Word for word, transcribe the data below from the line with "then show ?thesis by (simp add: hit_pt_def)" to the line with "0 \<Longrightarrow> t\<^sup>2", keeping both of those lines.

Task input -

-.-.-

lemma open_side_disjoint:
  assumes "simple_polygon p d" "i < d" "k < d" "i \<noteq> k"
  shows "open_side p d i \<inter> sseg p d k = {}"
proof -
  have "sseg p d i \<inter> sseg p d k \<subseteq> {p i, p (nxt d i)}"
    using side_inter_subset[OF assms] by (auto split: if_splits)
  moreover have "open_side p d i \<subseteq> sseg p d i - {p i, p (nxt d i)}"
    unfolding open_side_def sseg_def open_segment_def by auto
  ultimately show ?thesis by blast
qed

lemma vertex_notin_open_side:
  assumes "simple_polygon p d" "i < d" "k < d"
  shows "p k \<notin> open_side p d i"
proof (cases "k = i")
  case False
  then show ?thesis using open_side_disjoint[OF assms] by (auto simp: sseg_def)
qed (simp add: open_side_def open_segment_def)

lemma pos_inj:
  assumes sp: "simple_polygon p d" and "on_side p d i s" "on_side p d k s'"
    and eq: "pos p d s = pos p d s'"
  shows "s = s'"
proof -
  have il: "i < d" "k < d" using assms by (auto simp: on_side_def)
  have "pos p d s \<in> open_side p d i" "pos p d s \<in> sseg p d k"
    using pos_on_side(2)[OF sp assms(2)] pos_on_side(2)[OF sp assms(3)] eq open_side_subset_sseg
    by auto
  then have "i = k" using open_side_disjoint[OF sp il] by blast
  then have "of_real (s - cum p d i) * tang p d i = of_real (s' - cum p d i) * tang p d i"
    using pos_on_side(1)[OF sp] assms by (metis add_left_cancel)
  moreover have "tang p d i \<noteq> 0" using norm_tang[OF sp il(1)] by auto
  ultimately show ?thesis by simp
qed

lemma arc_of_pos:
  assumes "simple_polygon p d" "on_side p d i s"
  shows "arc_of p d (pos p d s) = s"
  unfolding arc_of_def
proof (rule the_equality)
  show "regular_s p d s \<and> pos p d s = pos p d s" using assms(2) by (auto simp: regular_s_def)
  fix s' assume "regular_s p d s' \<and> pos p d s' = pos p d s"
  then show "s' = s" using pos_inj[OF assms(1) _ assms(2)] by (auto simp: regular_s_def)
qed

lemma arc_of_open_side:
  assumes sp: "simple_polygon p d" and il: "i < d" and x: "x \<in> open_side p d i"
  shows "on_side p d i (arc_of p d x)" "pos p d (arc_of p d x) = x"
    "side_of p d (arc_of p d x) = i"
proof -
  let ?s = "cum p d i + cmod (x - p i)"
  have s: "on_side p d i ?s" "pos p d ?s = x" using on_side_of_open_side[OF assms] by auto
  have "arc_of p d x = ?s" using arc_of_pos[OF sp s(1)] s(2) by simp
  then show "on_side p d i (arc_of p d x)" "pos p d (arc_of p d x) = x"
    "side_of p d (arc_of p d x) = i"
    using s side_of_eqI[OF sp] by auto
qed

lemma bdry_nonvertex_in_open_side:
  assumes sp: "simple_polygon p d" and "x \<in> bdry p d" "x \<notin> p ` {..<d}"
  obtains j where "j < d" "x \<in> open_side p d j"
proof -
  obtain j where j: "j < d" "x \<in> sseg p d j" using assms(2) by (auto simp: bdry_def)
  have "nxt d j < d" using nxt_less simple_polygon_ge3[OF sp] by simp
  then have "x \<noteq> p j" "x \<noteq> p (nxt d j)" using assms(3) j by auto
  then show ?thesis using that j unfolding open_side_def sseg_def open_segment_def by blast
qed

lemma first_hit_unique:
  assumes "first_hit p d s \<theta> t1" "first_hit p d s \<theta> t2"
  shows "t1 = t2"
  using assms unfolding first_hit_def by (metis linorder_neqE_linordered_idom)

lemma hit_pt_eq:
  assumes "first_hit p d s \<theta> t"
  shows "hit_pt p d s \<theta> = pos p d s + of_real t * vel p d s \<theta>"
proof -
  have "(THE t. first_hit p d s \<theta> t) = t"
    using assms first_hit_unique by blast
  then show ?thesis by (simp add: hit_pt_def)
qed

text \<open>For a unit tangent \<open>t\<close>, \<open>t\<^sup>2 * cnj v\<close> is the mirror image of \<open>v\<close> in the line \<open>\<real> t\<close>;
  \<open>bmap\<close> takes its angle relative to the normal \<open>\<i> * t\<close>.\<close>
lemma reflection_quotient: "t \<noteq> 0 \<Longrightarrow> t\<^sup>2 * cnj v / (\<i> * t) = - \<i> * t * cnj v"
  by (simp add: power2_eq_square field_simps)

-.-.-

Reply to the exercise -
  then show ?thesis by (simp add: hit_pt_def)
qed

text \<open>For a unit tangent \<open>t\<close>, \<open>t\<^sup>2 * cnj v\<close> is the mirror image of \<open>v\<close> in the line \<open>\<real> t\<close>;
  \<open>bmap\<close> takes its angle relative to the normal \<open>\<i> * t\<close>.\<close>
lemma reflection_quotient: "t \<noteq> 0 \<Longrightarrow> t\<^sup>2 * cnj v / (\<i> * t) = - \<i> * t * cnj v"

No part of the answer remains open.